Распроклятая зараза,

Всему миру надоел.

_____

Гитлер-пес, Гитлер-пес,

Черт тебя сюда принес!

Не прижиться псине тут:

Скоро Гитлеру капут!

Признаюсь, я не все понял в этих частушках, но понял как никогда Барского, его грязную душу. Какой же он негодяй! Принимаю решение частушки сохранить (м. б., покажу их пате и нанесу удар Барскому — распространителю оскорбительного для нашей нации зла). Строго говорю непрошеным гостям:

— Вирши ваши я оставлю у себя, а вас больше не задерживаю…

«Гости», сконфуженные, ушли.

_____

Ну что прикажете мне с этим Барским делать? На второй день поздно вечером зашел ко мне и без всяких предисловий подал два листка на немецком и русском. Неужели снова частушки, будь они неладны? Я зло выпалил:

— Ваше старание переходит все границы, становится раздражительно назойливым. К чему мне еще эти ваши вирши?.. Хватит!

— Простите, но это другое, более серьезное и опасное… Прочтите, пожалуйста, и вы поймете, насколько это… Это же тяжелый снаряд, и мы не имеем права допустить, чтобы он взорвался.
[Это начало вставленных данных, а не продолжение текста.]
(* Let $A=(a_i)_{i=1,\dots,n}$ be a sequence of distinct integers between $1$ and $n$ whose permutation graph $G_A$ is bipartite, and let $I,J$ be maximum feasible sets for $A$. Suppose that $(A,I,J)$ has no forbidden pairs, and let $a_i,a_j$ be the elements of the leftmost mixed pile $P_t$, with $i\in I$ and $j\in J$. Then at least one of $(I\setminus\{i\})\cup\{j\}$ and $(J\setminus\{j\})\cup\{i\}$ is feasible.
   Context: A set $I\subseteq[n]$ is feasible for $A$ if $a_i<a_j$ for all $i,j\in I$ with $i<j$; a maximum feasible set is one of largest cardinality. The permutation graph $G_A$ has vertex set $[n]$ and, for $i<j$, an edge $\{i,j\}$ iff $a_i>a_j$. Piles: set $a_0=0$; start with empty piles $P_0,\dots,P_n$; for $i=0,1,\dots,n$ in order, put $a_i$ on top of the pile $P_j$ with smallest index $j$ such that $P_j$ is empty or the top element of $P_j$ is greater than $a_i$; let $P_0,\dots,P_k$ be the resulting nonempty piles. A pile is mixed if it contains exactly two elements $a_i$ and $a_j$ with $i\in I$ and $j\in J$ (with $i\ne j$, so that $i\notin J$, $j\notin I$). A mixed pile $P_t$ is the leftmost mixed pile if no pile $P_s$ with $s<t$ is mixed. A pair of mixed piles is a forbidden pair if the four vertices (indices) of their elements induce a cycle of length $4$ in $G_A$. *)

theory Defs
  imports Main
begin

(* A sequence a_1..a_n is modelled by a :: nat => nat, only values on {1..n} matter. *)

definition is_perm_seq :: "(nat \<Rightarrow> nat) \<Rightarrow> nat \<Rightarrow> bool" where
  "is_perm_seq a n \<longleftrightarrow> inj_on a {1..n} \<and> a ` {1..n} \<subseteq> {1..n}"

definition feasible :: "(nat \<Rightarrow> nat) \<Rightarrow> nat \<Rightarrow> nat set \<Rightarrow> bool" where
  "feasible a n I \<longleftrightarrow> I \<subseteq> {1..n} \<and> (\<forall>i\<in>I. \<forall>j\<in>I. i < j \<longrightarrow> a i < a j)"

definition max_feasible :: "(nat \<Rightarrow> nat) \<Rightarrow> nat \<Rightarrow> nat set \<Rightarrow> bool" where
  "max_feasible a n I \<longleftrightarrow> feasible a n I \<and> (\<forall>K. feasible a n K \<longrightarrow> card K \<le> card I)"

definition pedge :: "(nat \<Rightarrow> nat) \<Rightarrow> nat \<Rightarrow> nat \<Rightarrow> nat \<Rightarrow> bool" where
  "pedge a n u v \<longleftrightarrow> u \<in> {1..n} \<and> v \<in> {1..n} \<and>
     ((u < v \<and> a u > a v) \<or> (v < u \<and> a v > a u))"

definition perm_graph_bipartite :: "(nat \<Rightarrow> nat) \<Rightarrow> nat \<Rightarrow> bool" where
  "perm_graph_bipartite a n \<longleftrightarrow>
     (\<exists>X. X \<subseteq> {1..n} \<and> (\<forall>u v. pedge a n u v \<longrightarrow> (u \<in> X \<longleftrightarrow> v \<notin> X)))"

(* Patience sorting. Piles store indices (pile P_j holds the elements a_i, recorded by i);
   the head of a list is the top of the pile. a_0 = 0. *)
definition seq0 :: "(nat \<Rightarrow> nat) \<Rightarrow> nat \<Rightarrow> nat" where
  "seq0 a i = (if i = 0 then 0 else a i)"

definition pile_step :: "(nat \<Rightarrow> nat) \<Rightarrow> (nat \<Rightarrow> nat list) \<Rightarrow> nat \<Rightarrow> (nat \<Rightarrow> nat list)" where
  "pile_step a P i =
     (let j = (LEAST j. P j = [] \<or> seq0 a (hd (P j)) > seq0 a i) in P(j := i # P j))"

definition piles :: "(nat \<Rightarrow> nat) \<Rightarrow> nat \<Rightarrow> nat \<Rightarrow> nat list" where
  "piles a n = foldl (pile_step a) (\<lambda>_. []) [0..<Suc n]"
(* The knowledge state algorithm $K_2$ for the $2$-cache problem is $\tfrac32$-competitive: there is a constant $K$ such that $E(\mathrm{cost}_{K_2}(\varrho))\le\tfrac32\,\mathrm{cost}_{\mathrm{opt}}(\varrho)+K$ for every finite request sequence $\varrho$.
   Context: The $k$-cache problem: there is an infinite set $P$ of pages; the state set $\mathcal X$ is the set of $k$-element subsets of $P$ (cache contents), with a given initial cache $s^0$; the requests are the pages, $\mathcal R=P$; $d(x,y)=|x\setminus y|$; and $\mathrm{cost}(x,r,y)=2$ if $x=y$ and $r\notin x$; $\mathrm{cost}(x,r,y)=d(x,y)$ if $r\in x$ or $r\in y$; $\mathrm{cost}(x,r,y)=d(x,y)+1$ otherwise. For $\varrho=r^1\dots r^n$, $\mathrm{cost}_{\mathrm{opt}}(\varrho)$ is the minimum of $\sum_t\mathrm{cost}(x^{t-1},r^t,x^t)$ over $x^1,\dots,x^n\in\mathcal X$ with $x^0=s^0$. $\Pi$ is the set of finitely supported probability distributions on $\mathcal X$; for $\pi,\pi'\in\Pi$, $\mathrm{cost}(\pi,r,\pi')$ is the minimum of $\sum_{x,y}\gamma(x,y)\mathrm{cost}(x,r,y)$ over distributions $\gamma$ on $\mathrm{supp}(\pi)\times\mathrm{supp}(\pi')$ with marginals $\pi,\pi'$. Bar notation: a string $\alpha$ of distinct page names and exactly $k$ bars, with at least $i$ page names to the left of the $i$-th bar, denotes the estimator $\omega_\alpha(y)=\min_{x\in S_\alpha}d(x,y)$, where $S_\alpha$ is the set of configurations $x$ such that for each $i=1,\dots,k$ at least $i$ elements of $x$ are written to the left of the $i$-th bar. Algorithm $K_2$ ($k=2$; $a,b,c,d$ always denote distinct pages). It is a randomized algorithm whose state is a pair (distribution, estimator). States: $A^{a,b}=(\{a,b\},\ ab||)$ (point mass on $\{a,b\}$; $A^{a,b}=A^{b,a}$), and $B^{a,b,c}=(\tfrac12\{a,b\}+\tfrac12\{a,c\},\ a|bc|)$ ($B^{a,b,c}=B^{a,c,b}$). Initial state $A^{a,b}$ where $s^0=\{a,b\}$. Transitions: from $A^{a,b}$: request $a$ or $b$: stay; request $c\notin\{a,b\}$: go to $B^{c,a,b}$. From $B^{a,b,c}$: request $a$: stay; request $b$: go to $A^{b,a}$; request $c$: go to $A^{c,a}$; request $d\notin\{a,b,c\}$: go to each of $A^{d,a},A^{d,b},A^{d,c}$ with probability $\tfrac13$. The cost of a step from state $(\pi,\omega)$ on request $r$, whose successor states $(\pi_i,\omega_i)$ have probabilities $\lambda_i$, is $\mathrm{cost}(\pi,r,\sum_i\lambda_i\pi_i)$; $\mathrm{cost}_{K_2}(\varrho)$ is the (random) sum of step costs. *)

theory Defs
  imports "HOL-Probability.Probability"
begin

text \<open>The 2-cache problem. Pages are elements of a type 'p (assumed infinite in the
theorem); configurations are 2-element sets of pages.\<close>

definition dist_conf :: "'p set \<Rightarrow> 'p set \<Rightarrow> nat" where
  "dist_conf x y = card (x - y)"

definition ccost :: "'p set \<Rightarrow> 'p \<Rightarrow> 'p set \<Rightarrow> nat" where
  "ccost x r y =
     (if x = y \<and> r \<notin> x then 2
      else if r \<in> x \<or> r \<in> y then dist_conf x y
      else dist_conf x y + 1)"

definition cost_opt :: "'p set \<Rightarrow> 'p list \<Rightarrow> nat" where
  "cost_opt s0 \<rho> = Inf {(\<Sum>t<length \<rho>. ccost (xs t) (\<rho> ! t) (xs (Suc t))) | xs.
        xs 0 = s0 \<and> (\<forall>t\<in>{1..length \<rho>}. card (xs t) = 2)}"

definition tcost :: "'p set pmf \<Rightarrow> 'p \<Rightarrow> 'p set pmf \<Rightarrow> real" where
  "tcost \<pi> r \<pi>' = Inf {measure_pmf.expectation \<gamma> (\<lambda>(x, y). real (ccost x r y)) | \<gamma>.
        map_pmf fst \<gamma> = \<pi> \<and> map_pmf snd \<gamma> = \<pi>'}"

text \<open>States of K_2: KA {a,b} is A^{a,b}; KB a {b,c} is B^{a,b,c}.
The estimator component is determined by these parameters and does not affect costs.\<close>
datatype 'p kstate = KA "'p set" | KB 'p "'p set"

fun kdistr :: "'p kstate \<Rightarrow> 'p set pmf" where
  "kdistr (KA x) = return_pmf x"
| "kdistr (KB a y) = pmf_of_set ((\<lambda>z. {a, z}) ` y)"

fun ktrans :: "'p kstate \<Rightarrow> 'p \<Rightarrow> 'p kstate pmf" where
  "ktrans (KA x) r = (if r \<in> x then return_pmf (KA x) else return_pmf (KB r x))"
| "ktrans (KB a y) r =
     (if r = a then return_pmf (KB a y)
      else if r \<in> y then return_pmf (KA {r, a})
      else pmf_of_set ((\<lambda>z. KA {r, z}) ` insert a y))"

definition kstep_cost :: "'p kstate \<Rightarrow> 'p \<Rightarrow> real" where
  "kstep_cost s r = tcost (kdistr s) r (bind_pmf (ktrans s r) kdistr)"

fun kexp_cost :: "'p kstate pmf \<Rightarrow> 'p list \<Rightarrow> real" where
  "kexp_cost D [] = 0"
| "kexp_cost D (r # rs) =
     measure_pmf.expectation D (\<lambda>s. kstep_cost s r)
     + kexp_cost (bind_pmf D (\<lambda>s. ktrans s r)) rs"

end

theory Submission
  imports Defs
begin

(* Amortized analysis with the potential Phi(s, x): 3/2 times the estimator of the algorithm
   state s evaluated at the adversary's configuration x, plus 1/2 if s is a B-state.  Every
   request satisfies  E[step cost] + E[Phi after] <= Phi before + 3/2 * (adversary's cost).
   Summing along an optimal offline schedule, with Phi = 0 initially and Phi >= 0 throughout,
   bounds the expected cost of K_2 by 3/2 * cost_opt, so K = 0 works. *)

lemma card_2_finite_nonempty: "card x = 2 \<Longrightarrow> finite x \<and> x \<noteq> {}"
  using card_ge_0_finite by force

lemma expectation_mono_finite_pmf:
  fixes f g :: "'a \<Rightarrow> real"
  assumes "finite (set_pmf p)" "\<And>x. x \<in> set_pmf p \<Longrightarrow> f x \<le> g x"
  shows "measure_pmf.expectation p f \<le> measure_pmf.expectation p g"
  by (rule integral_mono_AE) (auto simp: AE_measure_pmf_iff assms integrable_measure_pmf_finite)

lemma expectation_le_const_finite_pmf:
  fixes f :: "'a \<Rightarrow> real"
  assumes "finite (set_pmf p)" "\<And>x. x \<in> set_pmf p \<Longrightarrow> f x \<le> c"
  shows "measure_pmf.expectation p f \<le> c"
  using expectation_mono_finite_pmf[of p f "\<lambda>_. c"] assms by simp

lemma expectation_add_const_finite_pmf:
  fixes f :: "'a \<Rightarrow> real"
  assumes "finite (set_pmf p)"
  shows "measure_pmf.expectation p (\<lambda>x. f x + c) = measure_pmf.expectation p f + c"
  using assms by (simp add: Bochner_Integration.integral_add integrable_measure_pmf_finite)

lemma expectation_bind_pmf_finite:
  fixes h :: "'b \<Rightarrow> real"
  assumes "finite (set_pmf p)" "\<And>x. x \<in> set_pmf p \<Longrightarrow> finite (set_pmf (f x))"
  shows "measure_pmf.expectation (p \<bind> f) h
         = measure_pmf.expectation p (\<lambda>x. measure_pmf.expectation (f x) h)"
  using assms
  by (simp add: pmf_expectation_bind[of "set_pmf p"] integral_measure_pmf[of "set_pmf p"])

lemma tcost_le_coupling:
  assumes "map_pmf fst \<gamma> = \<pi>" "map_pmf snd \<gamma> = \<pi>'"
  shows "tcost \<pi> r \<pi>' \<le> measure_pmf.expectation \<gamma> (\<lambda>(x, y). real (ccost x r y))"
  unfolding tcost_def
proof (rule cInf_lower)
  show "bdd_below {measure_pmf.expectation \<gamma> (\<lambda>(x, y). real (ccost x r y)) | \<gamma>.
        map_pmf fst \<gamma> = \<pi> \<and> map_pmf snd \<gamma> = \<pi>'}"
    by (rule bdd_belowI[where m=0]) (auto intro!: integral_nonneg simp: split_beta)
qed (use assms in blast)

lemma kstep_cost_le_coupling:
  assumes "map_pmf fst \<gamma> = kdistr s" "map_pmf snd \<gamma> = ktrans s r \<bind> kdistr"
    and "finite (set_pmf \<gamma>)" "\<And>x y. (x, y) \<in> set_pmf \<gamma> \<Longrightarrow> real (ccost x r y) \<le> c"
  shows "kstep_cost s r \<le> c"
proof -
  have "kstep_cost s r \<le> measure_pmf.expectation \<gamma> (\<lambda>(x, y). real (ccost x r y))"
    unfolding kstep_cost_def by (rule tcost_le_coupling[OF assms(1,2)])
  also have "\<dots> \<le> c"
    by (rule expectation_le_const_finite_pmf[OF assms(3)]) (use assms(4) in auto)
  finally show ?thesis .
qed

lemma cost_opt_attained:
  assumes "card s0 = 2"
  obtains xs where "xs 0 = s0" "\<forall>t\<le>length \<rho>. card (xs t) = 2"
    "cost_opt s0 \<rho> = (\<Sum>t<length \<rho>. ccost (xs t) (\<rho> ! t) (xs (Suc t)))"
proof -
  let ?S = "{(\<Sum>t<length \<rho>. ccost (xs t) (\<rho> ! t) (xs (Suc t))) | xs.
        xs 0 = s0 \<and> (\<forall>t\<in>{1..length \<rho>}. card (xs t) = 2)}"
  have "?S \<noteq> {}"
    using assms by (auto intro!: exI[of _ "\<lambda>_. s0"])
  then have "cost_opt s0 \<rho> \<in> ?S"
    unfolding cost_opt_def by (rule Inf_nat_def1)
  then obtain xs where "xs 0 = s0" "\<forall>t\<in>{1..length \<rho>}. card (xs t) = 2"
    "cost_opt s0 \<rho> = (\<Sum>t<length \<rho>. ccost (xs t) (\<rho> ! t) (xs (Suc t)))"
    by blast
  moreover from this(1,2) have "\<forall>t\<le>length \<rho>. card (xs t) = 2"
    using assms by (auto simp: less_eq_nat.simps split: nat.splits)
  ultimately show thesis
    using that by blast
qed

lemma ccost_split_at_request:
  assumes x: "card x = 2" and y: "card y = 2"
  obtains z where "card z = 2" "r \<in> z" "dist_conf x z + dist_conf z y \<le> ccost x r y"
proof -
  consider "r \<in> x" | "r \<in> y" | "r \<notin> x" "r \<notin> y" by blast
  then show thesis
  proof cases
    case 1
    then show thesis using x by (intro that[of x]) (auto simp: ccost_def dist_conf_def)
  next
    case 2
    then show thesis using y by (intro that[of y]) (auto simp: ccost_def dist_conf_def)
  next
    case 3
    have fx: "finite x" using x card_2_finite_nonempty by blast
    obtain u where u: "u \<in> x" "x \<noteq> y \<longrightarrow> u \<notin> y"
    proof (cases "x = y")
      case True
      then show thesis using x that by force
    next
      case False
      then have "\<not> x \<subseteq> y" using x y card_2_finite_nonempty card_subset_eq by metis
      then show thesis using that by blast
    qed
    define z where "z = insert r (x - {u})"
    have "card z = 2" unfolding z_def using fx x u 3 by (simp add: card_insert_if)
    moreover have "dist_conf x z = 1"
    proof -
      have "x - z = {u}" unfolding z_def using u 3 by auto
      then show ?thesis by (simp add: dist_conf_def)
    qed
    moreover have "dist_conf z y \<le> (if x = y then 1 else dist_conf x y)"
    proof -
      have "z - y = insert r (x - {u} - y)" unfolding z_def using 3 by auto
      then have "card (z - y) = Suc (card (x - {u} - y))" using fx 3 by simp
      moreover have "x - y = insert u (x - {u} - y)" if "x \<noteq> y" using u that by auto
      ultimately show ?thesis using fx by (auto simp: dist_conf_def)
    qed
    moreover have "ccost x r y = (if x = y then 2 else dist_conf x y + 1)"
      using 3 by (auto simp: ccost_def)
    ultimately show thesis using 3 by (intro that[of z]) (auto simp: z_def split: if_splits)
  qed
qed

fun wf_kstate :: "'p kstate \<Rightarrow> bool" where
  "wf_kstate (KA X) \<longleftrightarrow> card X = 2"
| "wf_kstate (KB a Y) \<longleftrightarrow> card Y = 2 \<and> a \<notin> Y"

definition wf_kdist :: "'p kstate pmf \<Rightarrow> bool" where
  "wf_kdist D \<longleftrightarrow> finite (set_pmf D) \<and> (\<forall>s\<in>set_pmf D. wf_kstate s)"

text \<open>The estimator ab|| of KA {a, b} is card ({a, b} - x); the estimator a|bc| of KB a {b, c}
is 0, 2 or 1 in the three cases below.\<close>
fun kpotential :: "'p kstate \<Rightarrow> 'p set \<Rightarrow> real" where
  "kpotential (KA X) x = 3/2 * real (card (X - x))"
| "kpotential (KB a Y) x =
     (if a \<in> x \<and> x \<subseteq> insert a Y then 1/2 else if x \<inter> insert a Y = {} then 5/2 else 2)"

lemma kpotential_nonneg: "0 \<le> kpotential s x"
  by (cases s) auto

lemma kpotential_lipschitz:
  assumes s: "wf_kstate s" and z: "card z = 2" and y: "card y = 2"
  shows "kpotential s y \<le> kpotential s z + 3/2 * dist_conf z y"
proof (cases s)
  case (KA X)
  have "card (X - y) \<le> card ((X - z) \<union> (z - y))"
    using s z KA card_2_finite_nonempty by (intro card_mono) auto
  also have "\<dots> \<le> card (X - z) + card (z - y)" by (rule card_Un_le)
  finally show ?thesis using KA by (simp add: dist_conf_def)
next
  case (KB a Y)
  consider "z = y" | "dist_conf z y = 2" | "1 \<le> dist_conf z y" "kpotential s y \<le> kpotential s z + 3/2"
  proof (cases "dist_conf z y = 0")
    case True
    then have "z \<subseteq> y" using card_2_finite_nonempty[OF z] by (auto simp: dist_conf_def)
    then show thesis using that(1) z y card_2_finite_nonempty card_subset_eq by metis
  next
    case False
    then show thesis
    proof (cases "a \<in> z \<and> z \<subseteq> insert a Y \<and> y \<inter> insert a Y = {}")
      case True
      then have "z - y = z" by auto
      then show thesis using that(2) z by (simp add: dist_conf_def)
    qed (use that(3) KB in auto)
  qed
  then show ?thesis
  proof cases
    case 2
    then show ?thesis using KB by auto
  qed auto
qed

lemma kstep_cost_KA_hit: "r \<in> X \<Longrightarrow> kstep_cost (KA X) r \<le> 0"
  by (rule kstep_cost_le_coupling[of "return_pmf (X, X)"])
    (auto simp: bind_return_pmf ccost_def dist_conf_def)
lemmas pq_carrier_simps =
  pq_carrier_add pq_carrier_smul pq_carrier_diff vtx_in_pq_carrier arw_in_pq_carrier n_pos
  aidx_rf_arr_less rf_less

lemma gamma_rf:
  assumes i: "i < n"
  shows "\<gamma> i = lam * \<gamma> (rf n d i)"
proof -
  let ?j = "rf n d i"
  have j: "?j < n" and jj: "rf n d ?j = i"
    using rf_less[OF n_pos] rf_rf[OF n_pos i] by simp_all
  have "G (X (vtx i)) = smul lam (X (vtx ?j))"
    using G_X_comm i by (simp add: vtx_in_pq_carrier G_vtx)
  moreover have "G (X (vtx i)) = smul (\<gamma> i) (vtx ?j) - smul (\<gamma> i * inverse lam) (vtx i)"
    using i j jj by (simp add: X_vtx G_vtx lin_on_diff[OF G_lin] lin_on_smul[OF G_lin] pq_carrier_simps)
  ultimately have "smul (\<gamma> i) (vtx ?j) - smul (\<gamma> i * inverse lam) (vtx i) = smul lam (X (vtx ?j))"
    by simp
  from fun_cong[OF this, of "(?j, [])"]
  have eq: "\<gamma> i - \<gamma> i * inverse lam * (if ?j = i then 1 else 0)
      = lam * (\<gamma> ?j - \<gamma> ?j * inverse lam * (if ?j = i then 1 else 0))"
    using j jj by (simp add: X_vtx vtx_apply)
  show ?thesis
  proof (cases "?j = i")
    case True
    with eq have "(1 - lam) * (1 - inverse lam) * \<gamma> i = 0"
      by (simp add: algebra_simps)
    moreover have "1 - inverse lam \<noteq> 0"
      using lam_ne_1 by (metis inverse_1 inverse_inverse_eq right_minus_eq)
    ultimately show ?thesis
      using lam_ne_1 True by simp
  qed (use eq in simp)
qed
lemma hermitian_eigenvalue_product_annihilates:
  fixes H :: "complex^'n^'n"
  assumes H: "hermitian_mat H"
  shows "poly_mat (\<Prod>m\<in>mat_eigenvalues H. [:-m, 1:]) H = 0"
proof -
  let ?V = "poly_mat (\<Prod>m\<in>mat_eigenvalues H. [:-m, 1:]) H"
  obtain p where p: "p \<noteq> 0" "poly_mat p H = 0"
    by (rule exists_annihilating_poly)
  obtain r where r: "smult (lead_coeff p) (\<Prod>i<degree p. [:-r i, 1:]) = p"
    using complex_poly_decompose' by blast
  have "poly_mat (\<Prod>i<degree p. [:-r i, 1:]) H = 0"
    using p r poly_mat_smult by (metis cmat_scale_eq_0_iff leading_coeff_0_iff)
  moreover have "?V *v v = 0" if "poly_mat (\<Prod>i<n. [:-r i, 1:]) H *v v = 0" for n v
    using that
  proof (induction n arbitrary: v)
    case (Suc n)
    have "poly_mat (\<Prod>i<Suc n. [:-r i, 1:]) H
        = poly_mat (\<Prod>i<n. [:-r i, 1:]) H ** (H - mat (r n))"
      by (simp only: prod.lessThan_Suc poly_mat_mult poly_mat_linear_factor)
    with Suc.prems have "poly_mat (\<Prod>i<n. [:-r i, 1:]) H *v ((H - mat (r n)) *v v) = 0"
      by (simp add: matrix_vector_mul_assoc)
    then have "?V *v ((H - mat (r n)) *v v) = 0"
      by (rule Suc.IH)
    then have "(H - mat (r n)) *v (?V *v v) = 0"
      by (metis poly_mat_linear_factor poly_mat_mult_commute matrix_vector_mul_assoc)
    with H show ?case
      by (rule hermitian_eigenvalue_product_kernel)
  qed simp
  ultimately show ?thesis
    unfolding matrix_eq by (metis matrix_vector_mult_0)
qed

lemma hermitian_eigenvalues_nonempty:
  fixes H :: "complex^'n^'n"
  assumes "hermitian_mat H"
  shows "mat_eigenvalues H \<noteq> {}"
proof
  assume "mat_eigenvalues H = {}"
  then have "mat 1 = (0 :: complex^'n^'n)"
    using hermitian_eigenvalue_product_annihilates[OF assms] by simp
  then have "(mat 1 :: complex^'n^'n) $ i $ i = 0" for i
    by simp
  then show False
    by (simp add: mat_def)
qed

definition lagrange_basis :: "'a::field set \<Rightarrow> 'a \<Rightarrow> 'a poly" where
  "lagrange_basis S l = smult (inverse (\<Prod>m\<in>S - {l}. l - m)) (\<Prod>m\<in>S - {l}. [:-m, 1:])"
lemma has_val_exists_gauss_int: "gauss_int z \<Longrightarrow> z \<noteq> 0 \<Longrightarrow> \<exists>m\<ge>0. has_val p m z"
proof (induction "nat \<lfloor>gauss_norm z\<rfloor>" arbitrary: z rule: less_induct)
  case less
  show ?case
  proof (cases "gdvd p z")
    case False
    then show ?thesis
      using has_val_0_of_not_gdvd less.prems by blast
  next
    case True
    then obtain c where c: "gauss_int c" "c \<noteq> 0" "z = p * c"
      using less.prems unfolding gdvd_def by auto
    have "gauss_norm z \<ge> 2 * gauss_norm c"
      using c gauss_norm_prime_ge_2[OF p] gauss_norm_nonneg[of c]
      by (simp add: gauss_norm_mult mult_right_mono)
    moreover have "gauss_norm c \<ge> 1"
      using c gauss_norm_ge_1 by simp
    moreover obtain nc nz :: nat where "gauss_norm c = nc" "gauss_norm z = nz"
      using gauss_norm_of_nat c(1) less.prems(1) by metis
    ultimately have "nat \<lfloor>gauss_norm c\<rfloor> < nat \<lfloor>gauss_norm z\<rfloor>"
      by simp
    then obtain m where "m \<ge> 0" "has_val p m c"
      using less.hyps c by blast
    moreover have "has_val p 1 p"
      using gauss_prime_not_unit gauss_prime_gauss_int by (intro has_valI[of 1 1]) auto
    ultimately show ?thesis
      using has_val_mult c(3) by (metis add_nonneg_nonneg zero_le_one)
  qed
qed

lemma has_val_exists: "gauss_rat x \<Longrightarrow> x \<noteq> 0 \<Longrightarrow> \<exists>m. has_val p m x"
proof -
  assume "gauss_rat x" "x \<noteq> 0"
  then obtain n :: int where n: "n > 0" "gauss_int (of_int n * x)"
    using gauss_rat_imp_gauss_int_multiple by blast
  obtain m1 where "has_val p m1 (of_int n * x)"
    using has_val_exists_gauss_int n \<open>x \<noteq> 0\<close> by fastforce
  moreover obtain m2 where "has_val p m2 (of_int n)"
    using has_val_exists_gauss_int[of "of_int n"] n by fastforce
  ultimately have "has_val p (m1 - m2) (of_int n * x / of_int n)"
    by (rule has_val_divide)
  then show ?thesis
    using n by auto
qed

lemma gauss_val_eqI: "has_val p m x \<Longrightarrow> gauss_val p x = m"
  unfolding gauss_val_def has_val_def[symmetric] by (rule the_equality) (auto dest: has_val_unique)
Ничего не понимаю! Рехнулась полицейская ищейка! Читаю про себя новый «дар» Барского:

О Родина моя,

Ты мать моя родная,

С тобою я…

— И я…

Мы — армия стальная.

Несем мы Ленина в груди,

Веди нас, Партия, веди

В последний смертный бой!

Не страшен враг с тобой!

Умеем мы встречать

Непрошеных гостей,

Умеем угощать

Фашистских палачей…

Сорвем фашистские мечты,

Свободы нашей не украсть.

Сорву их я, сорвешь их ты.

И смерть тому, кто нас предаст!

Сурово посмотрел на Барского. Резко спросил:

— Ну и что?

— Как что? Это же гимн подпольщиков, убежден, что его состряпали «русские девушки»…

— Ну и что?!

Слышу свой голос: он неуверенный, и вопрос мне самому уже кажется бессмысленным. Решаю исправить свою неловкость:

— Где они, эти «русские девушки»? И почему вы адресуетесь ко мне?

— Вы же мой начальник, разумеется не прямой, но все же… И вы близки к генералу…

— Но я не сотрудник гестапо, однако о «гимне» доложу генералу…

— Вот-вот, я очень прошу вас об этом. Как-никак, но и я не сижу сложа руки…

— Все, господин Барский, тем более я плохо себя чувствую…

Барский поспешно удалился. И вдруг меня озарила догадка: всем нам ясно, и мы этого, кстати, не скрываем, что песенка наша тут спета и что нам надо поспешно сматывать удочки. Генерал также не скрывает, что никого из русских, в том числе и Петрова, мы не возьмем. (Дай бог самим унести ноги! И ни к чему эта обуза…) Повышенной угодливостью Барский делает отчаянную попытку добиться для себя исключения… Хитрюга!

_____

Частушки, особенно последняя, не выходят из головы. Вспомнился дед и его знакомый врач-хирург. Они часто беседовали о медицине, и больше о хирургии. Часто упоминались слова о несовместимости и отторжении. Несколько позже я понял, о чем идет речь: к основному органу подсаживается часть чужого тела, органа. Если это чужое тело не приживается, оно отторгается и… погибает… Так вот, не являемся ли мы, немцы, для России таким чужеродным телом?! Ой, боже, зачем я об этом думаю: пусть будет, что будет…

_____

Уснул в эту ночь крепко, но вдруг проснулся. Посмотрел на часы: три двадцать пять. Сознание навязчиво будоражит мысль о нашем поражении в России. Именно здесь, в России, осуществлено содружество наций без какого бы то ни было принуждения. Правда, это утверждают коммунистические проповедники, но я всей душой чувствую — их проповеди реальны. Хотя их союз молодой и для отторжения не накопилось материала, но ведь даже трещин нет и не было. А теперешнее преданное участие в войне всех народов этого союза, кажется, на веки вечные исключает малейшие признаки губительного отторжения. Победа же России принесет полный конфуз и полную катастрофу противникам коммунистических идеи…

Чувствуешь, милый Ганс, куда ты скатился?..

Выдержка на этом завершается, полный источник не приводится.